Body-language and nonverbal communication

Cultural factors and psychotherapy in China

Cultural factors and psychotherapy in China

 

 

 

 

 

 

 

 

 

 

 

 

 

 

Regarding emotional or psychosomatic difficulties or problems we talk about I was asked to say more about how to handle this in daily life and or in therapy. Here is some comment:

What is the culture of psychotherapy in China? What makes up the thinking and feeling processes in the typical Chinese client? Understanding these questions gives us a beginning of how to understand and make trusting alliances with the Chinese patient. Several factors play a large role in the Chinese culture and character that affect attitudes toward seeking help and dealing with emotional difficulties.

Other-centered culture: Many Chinese people see their own problems as coming last compared to the welfare of others. While this is adaptive and socially valuable for the culture at large, it also keeps ………………….people from seeking help for themselves and taking a constructive approach to emotional and life problems. The Chinese client often thinks they are troubling the counselor with trifles and are more concerned about the therapist’s welfare than their own well-being. Knowing and appreciating this feeling as normative can also help move the focus to the client in a respectful and therapeutic way.

Culture of therapy? In China, there is almost no culture of therapy that is comparable to the Western culture of therapy. Indeed, there is a great mistrust among Chinese people toward authorities in general, perhaps going back to the cultural revolution and the intimidations and damage done to openness and trust during this time. Most people do not discuss their emotional turmoil with anyone, as they will lose face. In China there is a high degree of anxiety about judgement, criticism and evaluation by the state and other people. This, as you can imagine, makes it very hard to separate social norms from inner feelings. And it adds an extra layer of caution and suspicion when the client comes to see the counsellor.

Face: A crucial thing for the Western therapist to understand is that the Chinese client before them is not going to tell the truth in a direct manner due to the issue of face. This is not uncommon even among more free-thinking Western patients.
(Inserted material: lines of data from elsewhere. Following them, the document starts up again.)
lemma urysohn_fn_bounds: "0 \<le> urysohn_fn x" "urysohn_fn x \<le> 1"
  unfolding urysohn_fn_def by (force intro: cInf_greatest cInf_lower)+

lemma urysohn_fn_le: "\<lbrakk>r \<in> dyadics \<inter> {0..1}; x \<in> G r\<rbrakk> \<Longrightarrow> urysohn_fn x \<le> r"
  unfolding urysohn_fn_def by (force intro: cInf_lower)

lemma urysohn_fn_ge:
  assumes r: "r \<in> dyadics \<inter> {0..1}" and "x \<notin> G r"
  shows "r \<le> urysohn_fn x"
  unfolding urysohn_fn_def
proof (rule cInf_greatest)
  fix s assume "s \<in> insert 1 {s \<in> dyadics \<inter> {0..1}. x \<in> G s}"
  moreover have "G s \<subseteq> G r" if "s \<in> dyadics \<inter> {0..1}" "s < r" for s
    using closure_chain[OF that(1) r that(2)]
      closure_of_subset[OF openin_subset[OF openin_chain[OF that(1)]]]
    by blast
  ultimately show "r \<le> s"
    using r \<open>x \<notin> G r\<close> by (force simp: not_less[symmetric])
qed simp

lemma urysohn_fn_mono:
  assumes "\<And>r. r \<in> dyadics \<inter> {0..1} \<Longrightarrow> y \<in> G r \<Longrightarrow> x \<in> G r"
  shows "urysohn_fn x \<le> urysohn_fn y"
  unfolding urysohn_fn_def using assms
  by (intro cInf_superset_mono) (auto intro!: bdd_belowI[of _ 0])
(* Let $\mathcal Z\subseteq\mathbb R^d$ be compact and convex, $\ell:\mathcal Z\to\mathbb R$ upper semicontinuous, $\phi$ an entropy function, $r\ge0$, $\epsilon\in(0,1)$, and $\hat\mu=\frac1n\sum_{i=1}^n\delta_{\hat z_i}$ with $\hat z_i\in\mathcal Z$. Let $\hat z_{n+1}\in\arg\max_{z\in\mathcal Z}\ell(z)$ with $\hat z_{n+1}\notin\{\hat z_1,\dots,\hat z_n\}$. Take $\mathcal V=\mathcal Z$, $\mathcal W=\mathbb R_+$, $\mathcal G$ the trivial $\sigma$-algebra, $f(v,w)=\ell(v)\,w$, $$\hat\nu=\frac{1-\epsilon}{n}\sum_{i=1}^n\delta_{(\hat z_i,\frac{1}{1-\epsilon})}+\epsilon\,\delta_{(\hat z_{n+1},0)},$$ and the cost $c((v,w),(\hat v,\hat w))=\infty\cdot\mathbb 1_{v\neq\hat v}+g(v)\,\phi\big(w/g(v)\big)$, where $g(v)=\frac1{1-\epsilon}$ if $v\in\{\hat z_1,\dots,\hat z_n\}$, $g(\hat z_{n+1})=0$, and $g(v)=+\infty$ otherwise; explicitly, $c((v,w),(\hat v,\hat w))=\frac1{1-\epsilon}\phi((1-\epsilon)w)$ if $v=\hat v\in\{\hat z_1,\dots,\hat z_n\}$, $=\phi'_\infty\cdot w$ if $v=\hat v=\hat z_{n+1}$, and $=+\infty$ otherwise. Then the OT-DRO problem with conditional moment constraints $\sup\{\mathbb E_\nu[f(V,W)]:\nu\in\mathcal P(\mathcal V\times\mathcal W),\ \mathbb M(\nu,\hat\nu)\le r\}$ has the same optimal value as the generalized $\phi$-divergence DRO problem $\sup_{\mu\in\mathcal P(\mathcal Z)}\{\mathbb E_\mu[\ell(Z)]:\mathbb D_\phi(\mu,\hat\mu)\le r\}$.
   Context: An entropy function is a lower semicontinuous convex $\phi:\mathbb R\to\mathbb R\cup\{+\infty\}$ with $\phi(1)=0$, $\mathrm{dom}(\phi)\subseteq\mathbb R_+$, $\mathrm{dom}(\phi)\cap\mathbb R_+\ne\emptyset$; $\phi'_\infty=\lim_{t\to\infty}\phi(t)/t$. Generalized $\phi$-divergence: for any measure $\rho$ dominating $\mu$ and $\hat\mu$, $\mathbb D_\phi(\mu,\hat\mu)=\int\frac{d\hat\mu}{d\rho}\,\phi\big(\frac{d\mu}{d\rho}/\frac{d\hat\mu}{d\rho}\big)d\rho$, with conventions $\phi(0)=\lim_{t\to0^+}\phi(t)$, $0\cdot\phi(0/0)=0$, $0\cdot\phi(\alpha/0)=\alpha\phi'_\infty$ ($\alpha>0$). Extended arithmetic: $\infty\cdot0=0\cdot\infty=0/0=0$, $\infty-\infty=1/0=\infty$. OT discrepancy with conditional moment constraints: let $\mathcal V\subseteq\mathbb R^{d_v}$ and $\mathcal W\subseteq\mathbb R_+$ be closed convex sets, let $(V,W,\hat V,\hat W)$ denote the coordinate random variables on $(\mathcal V\times\mathcal W)\times(\mathcal V\times\mathcal W)$, let $\mathcal G$ be a sub-$\sigma$-algebra (here trivial), and let $c$ be a lower semicontinuous cost on $(\mathcal V\times\mathcal W)^2$ with values in $\mathbb R\cup\{+\infty\}$. For $\nu,\hat\nu\in\mathcal P(\mathcal V\times\mathcal W)$, $\mathbb M(\nu,\hat\nu)=\inf\{\mathbb E_\pi[c((V,W),(\hat V,\hat W))]:\ \pi\in\mathcal P((\mathcal V\times\mathcal W)^2),\ \pi_{(V,W)}=\nu,\ \pi_{(\hat V,\hat W)}=\hat\nu,\ \mathbb E_\pi[W\mid\mathcal G]=1\ \pi\text{-a.s.}\}$, where $\pi_{(V,W)},\pi_{(\hat V,\hat W)}$ are the marginals of $\pi$. When $\mathcal G$ is trivial the constraint reads $\mathbb E_\pi[W]=1$. *)

theory Defs
  imports "HOL-Analysis.Analysis" "HOL-Probability.Probability"
begin

definition lsc_ereal :: "(real \<Rightarrow> ereal) \<Rightarrow> bool" where
  "lsc_ereal f \<longleftrightarrow> (\<forall>x. f x \<le> Liminf (at x) f)"

definition convex_ereal :: "(real \<Rightarrow> ereal) \<Rightarrow> bool" where
  "convex_ereal f \<longleftrightarrow>
     (\<forall>x y t. 0 \<le> t \<and> t \<le> 1 \<longrightarrow>
        f ((1 - t) * x + t * y) \<le> ereal (1 - t) * f x + ereal t * f y)"

definition edom :: "(real \<Rightarrow> ereal) \<Rightarrow> real set" where
  "edom f = {t. f t < \<infinity>}"

definition entropy_function :: "(real \<Rightarrow> ereal) \<Rightarrow> bool" where
  "entropy_function \<phi> \<longleftrightarrow>
     (\<forall>t. \<phi> t \<noteq> -\<infinity>) \<and> lsc_ereal \<phi> \<and> convex_ereal \<phi> \<and> \<phi> 1 = 0 \<and>
     edom \<phi> \<subseteq> {0..} \<and> edom \<phi> \<inter> {0..} \<noteq> {}"

definition phi_inf :: "(real \<Rightarrow> ereal) \<Rightarrow> ereal" where
  "phi_inf \<phi> = Lim at_top (\<lambda>t. \<phi> t / ereal t)"

definition phi_conv :: "(real \<Rightarrow> ereal) \<Rightarrow> real \<Rightarrow> ereal" where
  "phi_conv \<phi> t = (if t = 0 then Lim (at_right 0) \<phi> else \<phi> t)"

text \<open>Integral of an extended-real function as (positive part) - (negative part),
  with the convention oo - oo = oo (which is the ereal convention in Isabelle).\<close>
definition ext_int :: "'a measure \<Rightarrow> ('a \<Rightarrow> ereal) \<Rightarrow> ereal" where
  "ext_int M f = enn2ereal (\<integral>\<^sup>+ x. e2ennreal (f x) \<partial>M)
                 - enn2ereal (\<integral>\<^sup>+ x. e2ennreal (- f x) \<partial>M)"

definition sum_meas :: "'a measure \<Rightarrow> 'a measure \<Rightarrow> 'a measure" where
  "sum_meas M N = measure_of (space M) (sets M) (\<lambda>A. emeasure M A + emeasure N A)"

text \<open>Integrand (dmu/drho) / (dmuhat/drho) with the conventions 0 phi(0/0) = 0 and
  0 phi(a/0) = a phi'_infty.\<close>
definition div_integrand :: "(real \<Rightarrow> ereal) \<Rightarrow> ennreal \<Rightarrow> ennreal \<Rightarrow> ereal" where
  "div_integrand \<phi> p q =
     (if q = 0 then (if p = 0 then 0 else enn2ereal p * phi_inf \<phi>)
      else enn2ereal q * phi_conv \<phi> (enn2real p / enn2real q))"

definition phi_div :: "(real \<Rightarrow> ereal) \<Rightarrow> 'a measure \<Rightarrow> 'a measure \<Rightarrow> ereal" where
  "phi_div \<phi> \<mu> \<mu>h =
     (let \<rho> = sum_meas \<mu> \<mu>h in
      ext_int \<rho> (\<lambda>x. div_integrand \<phi> (RN_deriv \<rho> \<mu> x) (RN_deriv \<rho> \<mu>h x)))"

definition OT_disc ::
  "(('a::euclidean_space \<times> real) \<Rightarrow> ('a \<times> real) \<Rightarrow> ereal) \<Rightarrow>
   ('a \<times> real) measure \<Rightarrow> ('a \<times> real) measure \<Rightarrow> ereal" where
  "OT_disc c \<nu> \<nu>h =
     (INF \<pi> \<in> {\<pi> :: (('a \<times> real) \<times> ('a \<times> real)) measure.
                  prob_space \<pi> \<and> sets \<pi> = sets borel \<and>
                  distr \<pi> borel fst = \<nu> \<and> distr \<pi> borel snd = \<nu>h \<and>
                  (\<integral>\<^sup>+ x. ennreal (snd (fst x)) \<partial>\<pi>) = 1}.
        ext_int \<pi> (\<lambda>x. c (fst x) (snd x)))"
However, for the Chinese this goes deeper. Face means not being put in a position of shame. In the culture as a whole, the taboo of mental illness is high. People will not admit to anyone that a family member has a problem of this kind or that they themselves are mentally unhealthy. The awareness of shame is very high and controls the daily aspects of business, government, and personal behaviour. A man whose wife is cheating on him will simply complain of headaches to the doctor and request some medicine to help him. To admit that this is in fact stress would be to admit weakness of character—so in turn the physical complaint is easier to cope with and address.

How shame and face affect therapy: First, even if you can get the person into a therapeutic relationship, they will avoid opening up about their concerns to avoid losing face in front of you. This then requires the therapist to begin sessions with an open honest approach to talking about shame and face directly to the patient. The client will instantly understand your meaning and seek a non-judgemental attitude from the therapist in return. It still may take several sessions for the client to trust the therapist before a real exchange of information based on the true nature of their problems comes forth.

Relationships and favour: In China the word relationship carries with it the factor of favour—that is, a relationship is about what you do for each other. Often, it is to one’s advantage that a person does a favour for you. In return, at some future point, you will return that favour—often many times bigger than the original favour. This system of relationships works through government, business, and in daily life.

For example, a university student is failing his course, so the father makes a generous contribution to the University building program, and the boy’s papers are then marked higher. In the West this is corruption, in China just a relationship being confirmed. In the future, the student may become successful; in turn one day he may be asked to contribute; he will feel under obligation to do so. It is this ongoing sense of obligation that causes a great deal of unhappiness in China. In England, we have the old-boys network: the inside practice of people from Oxford or Cambridge University giving jobs and promotions to those who, like them, went to the so-called right places. In China they have these forms of relationships born out of favour and return. Understanding this helps the therapist avoid being shocked and confused when favour is played out so directly.